WHAT IS NEEDED: Under this line are the records; write out word for word the part that begins at the line containing "(\<forall>x. Re (cinner" and ends at the line containing "(THE S. pos_semidef", and no more.
(SUPPLIED RECORDS)
(* Consider the E-FAS wiretap model described in the context, with a fixed power-splitting policy $P_s=(1-\theta_a)P$, $P_a=\theta_a P$, where $\theta_a\in[0,1)$ is fixed, and regard the ergodic secrecy rate $\bar R_s=\bar R_s(P)$ as a function of the total transmit power $P>0$. Then: (i) if $\theta_a=0$, then $\lim_{P\to\infty}\bar R_s(P)=0$; (ii) if $\theta_a\in(0,1)$, then $\lim_{P\to\infty}\bar R_s(P)$ exists, is finite, and equals $$\eta\,\mathbb{E}\Big[\big(\log_2(1+\gamma_b^\infty)-\log_2(1+\gamma_e^\infty)\big)^+\Big],$$ where $\gamma_b^\infty=\dfrac{(1-\theta_a)\|\hat{\mathbf h}_b\|^2}{(1-\theta_a)\mathbf w^H\tilde{\mathbf R}\mathbf w+\theta_a\operatorname{tr}(\mathbf V^H\tilde{\mathbf R}\mathbf V)}$ and $\gamma_e^\infty=\dfrac{(1-\theta_a)|X|^2}{\theta_a Y}$; moreover this limit is strictly positive. In particular, the high-power limit of the ergodic secrecy rate equals zero if and only if $\theta_a=0$.
   Context: Let $M\ge 2$ be an integer. Fix constants $\sigma^2>0$, pilot length $\tau_p>0$, pilot power $\rho_p>0$, block length $T_c>\tau_p$, and set $\eta=1-\tau_p/T_c$. Let $\mathbf R_b,\mathbf R_e\in\mathbb C^{M\times M}$ be Hermitian positive definite matrices, let $\mathbf C\in\mathbb C^{M\times M}$ have spectral norm $\|\mathbf C\|\le 1$, let $\rho\in[0,1)$, and let $\beta_b>0$, $\beta_e>0$ be constants. Let $\mathbf g_b,\mathbf u\sim\mathcal{CN}(\mathbf 0,\mathbf I_M)$ and $\mathbf n_p\sim\mathcal{CN}(\mathbf 0,\sigma^2\mathbf I_M)$ be mutually independent. Define $\mathbf h_b=\sqrt{\beta_b}\,\mathbf R_b^{1/2}\mathbf g_b$, $\mathbf g_e=\rho\mathbf C\mathbf g_b+\sqrt{1-\rho^2}\,\mathbf u$, $\mathbf h_e=\sqrt{\beta_e}\,\mathbf R_e^{1/2}\mathbf g_e$, and the pilot observation $\mathbf y_p=\sqrt{\tau_p\rho_p}\,\mathbf h_b+\mathbf n_p$. With $\mathbf R_{h}=\beta_b\mathbf R_b$, the MMSE estimate is $\hat{\mathbf h}_b=\sqrt{\tau_p\rho_p}\,\mathbf R_h(\tau_p\rho_p\mathbf R_h+\sigma^2\mathbf I_M)^{-1}\mathbf y_p$ and the error covariance is $\tilde{\mathbf R}=\mathbf R_h-\tau_p\rho_p\mathbf R_h(\tau_p\rho_p\mathbf R_h+\sigma^2\mathbf I_M)^{-1}\mathbf R_h$. Let $\mathbf w=\hat{\mathbf h}_b/\|\hat{\mathbf h}_b\|$ (well defined a.s.) and let $\mathbf V\in\mathbb C^{M\times(M-1)}$ be a matrix (measurable function of $\hat{\mathbf h}_b$) with orthonormal columns spanning the orthogonal complement of $\hat{\mathbf h}_b$, i.e. $\mathbf V^H\mathbf V=\mathbf I_{M-1}$, $\mathbf V^H\hat{\mathbf h}_b=\mathbf 0$. For powers $P_s,P_a\ge0$ with $P_s+P_a=P$, define $\gamma_b=\dfrac{P_s\|\hat{\mathbf h}_b\|^2}{P_s\mathbf w^H\tilde{\mathbf R}\mathbf w+P_a\operatorname{tr}(\mathbf V^H\tilde{\mathbf R}\mathbf V)+\sigma^2}$ and $\gamma_e=\dfrac{P_s|X|^2}{P_aY+\sigma^2}$, where $X=\mathbf h_e^H\mathbf w$ and $Y=\|\mathbf V^H\mathbf h_e\|^2$. The ergodic secrecy rate is $\bar R_s=\eta\,\mathbb E\big[(\log_2(1+\gamma_b)-\log_2(1+\gamma_e))^+\big]$, where $(x)^+=\max\{0,x\}$ and the expectation is over all randomness. *)

theory Defs
  imports "HOL-Analysis.Analysis"
begin

definition cinner :: "complex^'n \<Rightarrow> complex^'n \<Rightarrow> complex" where
  "cinner x y = (\<Sum>i\<in>UNIV. cnj (x $ i) * y $ i)"

definition ctrans :: "complex^'n^'m \<Rightarrow> complex^'m^'n" where
  "ctrans A = (\<chi> i j. cnj (A $ j $ i))"

definition cmat_scale :: "complex \<Rightarrow> complex^'n^'m \<Rightarrow> complex^'n^'m" where
  "cmat_scale c A = (\<chi> i j. c * A $ i $ j)"

definition hermitian :: "complex^'n^'n \<Rightarrow> bool" where
  "hermitian A \<longleftrightarrow> ctrans A = A"

definition pos_def :: "complex^'n^'n \<Rightarrow> bool" where
  "pos_def A \<longleftrightarrow> hermitian A \<and> (\<forall>x. x \<noteq> 0 \<longrightarrow> Re (cinner x (A *v x)) > 0)"

definition pos_semidef :: "complex^'n^'n \<Rightarrow> bool" where
  "pos_semidef A \<longleftrightarrow> hermitian A \<and> (\<forall>x. Re (cinner x (A *v x)) \<ge> 0)"

definition msqrt :: "complex^'n^'n \<Rightarrow> complex^'n^'n" where
  "msqrt A = (THE S. pos_semidef S \<and> S ** S = A)"

definition spec_norm :: "complex^'n^'m \<Rightarrow> real" where
  "spec_norm A = onorm (\<lambda>x. A *v x)"

text \<open>Density of CN(0, s I) on complex^'n (viewed as R^{2n} with Lebesgue measure).\<close>
definition cgauss_density :: "real \<Rightarrow> complex^'n \<Rightarrow> real" where
  "cgauss_density s z = exp (- (norm z)\<^sup>2 / s) / (pi * s) ^ CARD('n)"

definition CN :: "real \<Rightarrow> (complex^'n) measure" where
  "CN s = density lborel (\<lambda>z. ennreal (cgauss_density s z))"

text \<open>Joint law of the mutually independent (g_b, u, n_p).\<close>
definition input_space :: "real \<Rightarrow> ((complex^'n) \<times> (complex^'n) \<times> (complex^'n)) measure" where
  "input_space sigma2 = CN 1 \<Otimes>\<^sub>M (CN 1 \<Otimes>\<^sub>M CN sigma2)"

definition h_b :: "real \<Rightarrow> complex^'n^'n \<Rightarrow> complex^'n \<Rightarrow> complex^'n" where
  "h_b bb Rb g = complex_of_real (sqrt bb) *s (msqrt Rb *v g)"

definition g_e :: "complex^'n^'n \<Rightarrow> real \<Rightarrow> complex^'n \<Rightarrow> complex^'n \<Rightarrow> complex^'n" where
  "g_e C rho g u = complex_of_real rho *s (C *v g) + complex_of_real (sqrt (1 - rho\<^sup>2)) *s u"

definition h_e :: "real \<Rightarrow> complex^'n^'n \<Rightarrow> complex^'n^'n \<Rightarrow> real \<Rightarrow> complex^'n \<Rightarrow> complex^'n \<Rightarrow> complex^'n" where
  "h_e be Reve C rho g u = complex_of_real (sqrt be) *s (msqrt Reve *v g_e C rho g u)"

definition y_p :: "real \<Rightarrow> real \<Rightarrow> real \<Rightarrow> complex^'n^'n \<Rightarrow> complex^'n \<Rightarrow> complex^'n \<Rightarrow> complex^'n" where
  "y_p tp rp bb Rb g n = complex_of_real (sqrt (tp * rp)) *s h_b bb Rb g + n"

definition R_h :: "real \<Rightarrow> complex^'n^'n \<Rightarrow> complex^'n^'n" where
  "R_h bb Rb = cmat_scale (complex_of_real bb) Rb"

definition K_inv :: "real \<Rightarrow> real \<Rightarrow> real \<Rightarrow> real \<Rightarrow> complex^'n^'n \<Rightarrow> complex^'n^'n" where
  "K_inv sigma2 tp rp bb Rb =
     matrix_inv (cmat_scale (complex_of_real (tp * rp)) (R_h bb Rb) + cmat_scale (complex_of_real sigma2) (mat 1))"

text \<open>MMSE estimate of h_b.\<close>
definition h_hat :: "real \<Rightarrow> real \<Rightarrow> real \<Rightarrow> real \<Rightarrow> complex^'n^'n \<Rightarrow> complex^'n \<Rightarrow> complex^'n \<Rightarrow> complex^'n" where
  "h_hat sigma2 tp rp bb Rb g n =
     complex_of_real (sqrt (tp * rp)) *s ((R_h bb Rb ** K_inv sigma2 tp rp bb Rb) *v y_p tp rp bb Rb g n)"

text \<open>Estimation error covariance.\<close>
definition R_tilde :: "real \<Rightarrow> real \<Rightarrow> real \<Rightarrow> real \<Rightarrow> complex^'n^'n \<Rightarrow> complex^'n^'n" where
  "R_tilde sigma2 tp rp bb Rb =
     R_h bb Rb - cmat_scale (complex_of_real (tp * rp)) (R_h bb Rb ** K_inv sigma2 tp rp bb Rb ** R_h bb Rb)"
(End SUPPLIED RECORDS)
TASK ANSWER:
  "pos_semidef A \<longleftrightarrow> hermitian A \<and> (\<forall>x. Re (cinner x (A *v x)) \<ge> 0)"

definition msqrt :: "complex^'n^'n \<Rightarrow> complex^'n^'n" where
  "msqrt A = (THE S. pos_semidef S \<and> S ** S = A)"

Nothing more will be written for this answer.